Look for "using strict by (metis order_le_less)" in the entries below. Then write out exactly the line that holds it and every line after it, to the last, and nothing else.
===== Provided entries =====
lemma closed_msne:
  assumes lam: "0 \<le> lam" and w_cont: "\<forall>r. continuous_on {0..} (w r)"
  shows "closed {\<mu>. MSNE lam S A \<phi> m w \<mu>}"
proof -
  \<comment> \<open>w r is only continuous on {0..}; clamping the flow at 0 gives a payoff that is continuous
    everywhere and agrees with Fval on state_policy_dists.\<close>
  define F where "F \<mu> c u = (\<Sum>s\<in>S c. stat_dist lam (S c) (policy_kernel (\<phi> c) u) s *
      (\<Sum>r\<in>u s. w r (max 0 (resource_flow lam S A \<mu> r))))" for \<mu> c u
  have "Fval lam S A \<phi> w \<mu> c u = F \<mu> c u" if "\<mu> \<in> state_policy_dists S A m" for \<mu> c u
    using resource_flow_nonneg[OF lam that] by (simp add: F_def Fval_eq_resource_flow)
  then have MSNE_eq: "{\<mu>. MSNE lam S A \<phi> m w \<mu>} = state_policy_dists S A m \<inter>
      {\<mu>. \<forall>c u. u \<in> policies (S c) (A c) \<longrightarrow> 0 < policy_mass S \<mu> c u \<longrightarrow>
         (\<forall>v. v \<in> policies (S c) (A c) \<longrightarrow> F \<mu> c v \<le> F \<mu> c u)} \<inter>
      {\<mu>. stationary_marginals lam S A \<phi> \<mu>}"
    by (auto simp: MSNE_iff optimal_on_support_def)
  have cont_F: "continuous_on UNIV (\<lambda>\<mu>. F \<mu> c u)" for c u
  proof -
    have "continuous_on UNIV (\<lambda>\<mu>. if r \<in> u s then \<mu> $ (c, s, u) else 0)" for r u s c
      by (cases "r \<in> u s") (simp_all add: continuous_on_component)
    then have "continuous_on UNIV (\<lambda>\<mu>. resource_flow lam S A \<mu> r)" for r
      unfolding resource_flow_def by (intro continuous_intros)
    then have "continuous_on UNIV (\<lambda>\<mu>. w r (max 0 (resource_flow lam S A \<mu> r)))" for r
      by (intro continuous_on_compose2[OF w_cont[rule_format]] continuous_intros) auto
    then show ?thesis
      unfolding F_def by (intro continuous_intros)
  qed
  show ?thesis
    unfolding MSNE_eq policy_mass_def
    by (intro closed_Int closed_state_policy_dists closed_stationary_marginals closed_Collect_all
        closed_Collect_imp open_Collect_const closed_Collect_le open_Collect_less cont_F
        continuous_intros)
qed

lemma msne_flow_unique:
  assumes lam: "0 \<le> lam" and m: "\<forall>c. 0 < m c"
    and strict: "\<forall>r x y. 0 \<le> x \<longrightarrow> x < y \<longrightarrow> w r y < w r x"
    and \<mu>: "MSNE lam S A \<phi> m w \<mu>" and \<nu>: "MSNE lam S A \<phi> m w \<nu>"
  shows "resource_flow lam S A \<mu> r = resource_flow lam S A \<nu> r"
proof -
  have anti: "\<forall>r x y. 0 \<le> x \<longrightarrow> x \<le> y \<longrightarrow> w r y \<le> w r x"
    using strict by (metis order_le_less)
  have "0 \<le> resource_flow lam S A \<mu> r" "0 \<le> resource_flow lam S A \<nu> r"
    using \<mu> \<nu> by (auto simp: MSNE_iff intro: resource_flow_nonneg[OF lam])
  with msne_flow_or_reward_eq[OF lam m anti \<mu> \<nu>, of r] strict show ?thesis
    by (metis linorder_neqE_linordered_idom order_less_irrefl)
qed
=====
▶ Solution to this task
    using strict by (metis order_le_less)
  have "0 \<le> resource_flow lam S A \<mu> r" "0 \<le> resource_flow lam S A \<nu> r"
    using \<mu> \<nu> by (auto simp: MSNE_iff intro: resource_flow_nonneg[OF lam])
  with msne_flow_or_reward_eq[OF lam m anti \<mu> \<nu>, of r] strict show ?thesis
    by (metis linorder_neqE_linordered_idom order_less_irrefl)
qed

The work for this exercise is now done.